What is wanted is an exact copy of the lines from the top of the listing through the line containing "using mixed mixed_strategy_pure winner_deviate_dominant[where".

MATERIAL FOR THIS EXERCISE:

---*---

lemma mixed_strategy_ex_pos:
  assumes "mixed_strategy p"
  shows "\<exists>z. 0 < p z"
proof (rule ccontr)
  assume "\<nexists>z. 0 < p z"
  then have "p R = 0" and "p P = 0" and "p S = 0"
    using assms by (auto simp: mixed_strategy_def not_less intro: order.antisym)
  then show False
    using assms by (simp add: mixed_strategy_def)
qed

lemma mixed_strategy_eq_pure:
  assumes "mixed_strategy p" and "\<And>z. z \<noteq> y \<Longrightarrow> p z = 0"
  shows "p = pure_strategy y"
proof
  fix z
  show "p z = pure_strategy y z"
    using assms by (cases y; cases z) (auto simp: mixed_strategy_def pure_strategy_def)
qed

lemma winner_dominant_without:
  assumes "\<forall>j<m. c j \<noteq> x" and "i < m" and "c i = dominant_without x"
  shows "winner m c = dominant_without x"
  unfolding winner_def using assms by (intro rps_winner_without) force+

lemma mixed_profile_update_nonneg:
  "\<forall>j<m. mixed_strategy (\<sigma> j) \<Longrightarrow> mixed_strategy \<tau> \<Longrightarrow> j < m \<Longrightarrow> 0 \<le> (\<sigma>(i := \<tau>)) j y"
  by (simp add: mixed_strategy_def)

lemma winner_deviate_dominant:
  assumes absent: "\<forall>j<m. \<sigma> j x = 0" and "i < m"
    and supported: "\<And>j. j < m \<Longrightarrow> 0 < (\<sigma>(i := pure_strategy (dominant_without x))) j (c j)"
  shows "c i = dominant_without x" and "winner m c = dominant_without x"
proof -
  show ci: "c i = dominant_without x"
    using supported[OF \<open>i < m\<close>] by (auto simp: pure_strategy_def split: if_splits)
  have "\<forall>j<m. c j \<noteq> x"
    using supported absent ci dominant_without_neq by (metis fun_upd_other less_irrefl)
  then show "winner m c = dominant_without x"
    using \<open>i < m\<close> ci by (rule winner_dominant_without)
qed

lemma exp_payoff_deviate_dominant_nonneg:
  assumes mixed: "\<forall>j<m. mixed_strategy (\<sigma> j)" and absent: "\<forall>j<m. \<sigma> j x = 0" and "i < m"
  shows "0 \<le> exp_payoff m (\<sigma>(i := pure_strategy (dominant_without x))) i"
  using mixed mixed_strategy_pure winner_deviate_dominant[where \<sigma> = \<sigma>, OF absent \<open>i < m\<close>]
  by (intro exp_payoff_nonneg mixed_profile_update_nonneg pure_payoff_winner_nonneg) auto

lemma exp_payoff_deviate_dominant_pos:
  assumes mixed: "\<forall>j<m. mixed_strategy (\<sigma> j)" and absent: "\<forall>j<m. \<sigma> j x = 0" and "i < m"
    and "j < m" and "j \<noteq> i" and "0 < \<sigma> j y" and "y \<noteq> dominant_without x"
  shows "0 < exp_payoff m (\<sigma>(i := pure_strategy (dominant_without x))) i"
proof -
  let ?d = "dominant_without x"
  have "\<forall>k. \<exists>z. k < m \<longrightarrow> 0 < \<sigma> k z"
    using mixed mixed_strategy_ex_pos by blast
  then obtain pick where pick: "\<forall>k<m. 0 < \<sigma> k (pick k)"
    by (metis choice)
  define c\<^sub>0 where "c\<^sub>0 k = (if k = i then ?d else if k = j then y else pick k)" for k
  have supported: "0 < (\<sigma>(i := pure_strategy ?d)) k (c\<^sub>0 k)" if "k < m" for k
    using assms pick that by (simp add: c\<^sub>0_def pure_strategy_def)
  note played = winner_deviate_dominant[where \<sigma> = \<sigma>, OF absent \<open>i < m\<close> supported]
  have "c\<^sub>0 j = y"
    using \<open>j \<noteq> i\<close> by (simp add: c\<^sub>0_def)
  then have "c\<^sub>0 j \<noteq> winner m c\<^sub>0"
    using played(2) \<open>y \<noteq> dominant_without x\<close> by simp
  then have "0 < pure_payoff m c\<^sub>0 i"
    using played \<open>j < m\<close> by (intro pure_payoff_winner_pos) simp_all
  then show ?thesis
    using mixed mixed_strategy_pure supported \<open>i < m\<close>
      winner_deviate_dominant[where \<sigma> = \<sigma>, OF absent \<open>i < m\<close>]
    by (intro exp_payoff_pos mixed_profile_update_nonneg pure_payoff_winner_nonneg) auto
qed

lemma nash_eq_mixed: "nash_eq m \<sigma> \<Longrightarrow> j < m \<Longrightarrow> mixed_strategy (\<sigma> j)"
  by (simp add: nash_eq_def)

lemma nash_eq_pure_deviation:
  "nash_eq m \<sigma> \<Longrightarrow> i < m \<Longrightarrow> exp_payoff m (\<sigma>(i := pure_strategy y)) i \<le> exp_payoff m \<sigma> i"
  using mixed_strategy_pure by (simp add: nash_eq_def)

lemma nash_eq_payoff_zero:
  assumes eq: "nash_eq m \<sigma>" and "0 < m" and absent: "\<forall>j<m. \<sigma> j x = 0" and "i < m"
  shows "exp_payoff m \<sigma> i = 0"
proof -
  have "0 \<le> exp_payoff m \<sigma> k" if "k < m" for k
  proof -
    have "0 \<le> exp_payoff m (\<sigma>(k := pure_strategy (dominant_without x))) k"
      using nash_eq_mixed[OF eq] absent that by (intro exp_payoff_deviate_dominant_nonneg) auto
    also have "\<dots> \<le> exp_payoff m \<sigma> k"
      using eq that by (rule nash_eq_pure_deviation)
    finally show ?thesis .
  qed
  then have "\<forall>k\<in>{..<m}. exp_payoff m \<sigma> k = 0"
    using sum_exp_payoff[OF \<open>0 < m\<close>, of \<sigma>] by (subst sum_nonneg_eq_0_iff[symmetric]) auto
  then show ?thesis
    using \<open>i < m\<close> by simp
qed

---*---

SOLVED EXERCISE:
lemma mixed_strategy_ex_pos:
  assumes "mixed_strategy p"
  shows "\<exists>z. 0 < p z"
proof (rule ccontr)
  assume "\<nexists>z. 0 < p z"
  then have "p R = 0" and "p P = 0" and "p S = 0"
    using assms by (auto simp: mixed_strategy_def not_less intro: order.antisym)
  then show False
    using assms by (simp add: mixed_strategy_def)
qed

lemma mixed_strategy_eq_pure:
  assumes "mixed_strategy p" and "\<And>z. z \<noteq> y \<Longrightarrow> p z = 0"
  shows "p = pure_strategy y"
proof
  fix z
  show "p z = pure_strategy y z"
    using assms by (cases y; cases z) (auto simp: mixed_strategy_def pure_strategy_def)
qed

lemma winner_dominant_without:
  assumes "\<forall>j<m. c j \<noteq> x" and "i < m" and "c i = dominant_without x"
  shows "winner m c = dominant_without x"
  unfolding winner_def using assms by (intro rps_winner_without) force+

lemma mixed_profile_update_nonneg:
  "\<forall>j<m. mixed_strategy (\<sigma> j) \<Longrightarrow> mixed_strategy \<tau> \<Longrightarrow> j < m \<Longrightarrow> 0 \<le> (\<sigma>(i := \<tau>)) j y"
  by (simp add: mixed_strategy_def)

lemma winner_deviate_dominant:
  assumes absent: "\<forall>j<m. \<sigma> j x = 0" and "i < m"
    and supported: "\<And>j. j < m \<Longrightarrow> 0 < (\<sigma>(i := pure_strategy (dominant_without x))) j (c j)"
  shows "c i = dominant_without x" and "winner m c = dominant_without x"
proof -
  show ci: "c i = dominant_without x"
    using supported[OF \<open>i < m\<close>] by (auto simp: pure_strategy_def split: if_splits)
  have "\<forall>j<m. c j \<noteq> x"
    using supported absent ci dominant_without_neq by (metis fun_upd_other less_irrefl)
  then show "winner m c = dominant_without x"
    using \<open>i < m\<close> ci by (rule winner_dominant_without)
qed

lemma exp_payoff_deviate_dominant_nonneg:
  assumes mixed: "\<forall>j<m. mixed_strategy (\<sigma> j)" and absent: "\<forall>j<m. \<sigma> j x = 0" and "i < m"
  shows "0 \<le> exp_payoff m (\<sigma>(i := pure_strategy (dominant_without x))) i"
  using mixed mixed_strategy_pure winner_deviate_dominant[where \<sigma> = \<sigma>, OF absent \<open>i < m\<close>]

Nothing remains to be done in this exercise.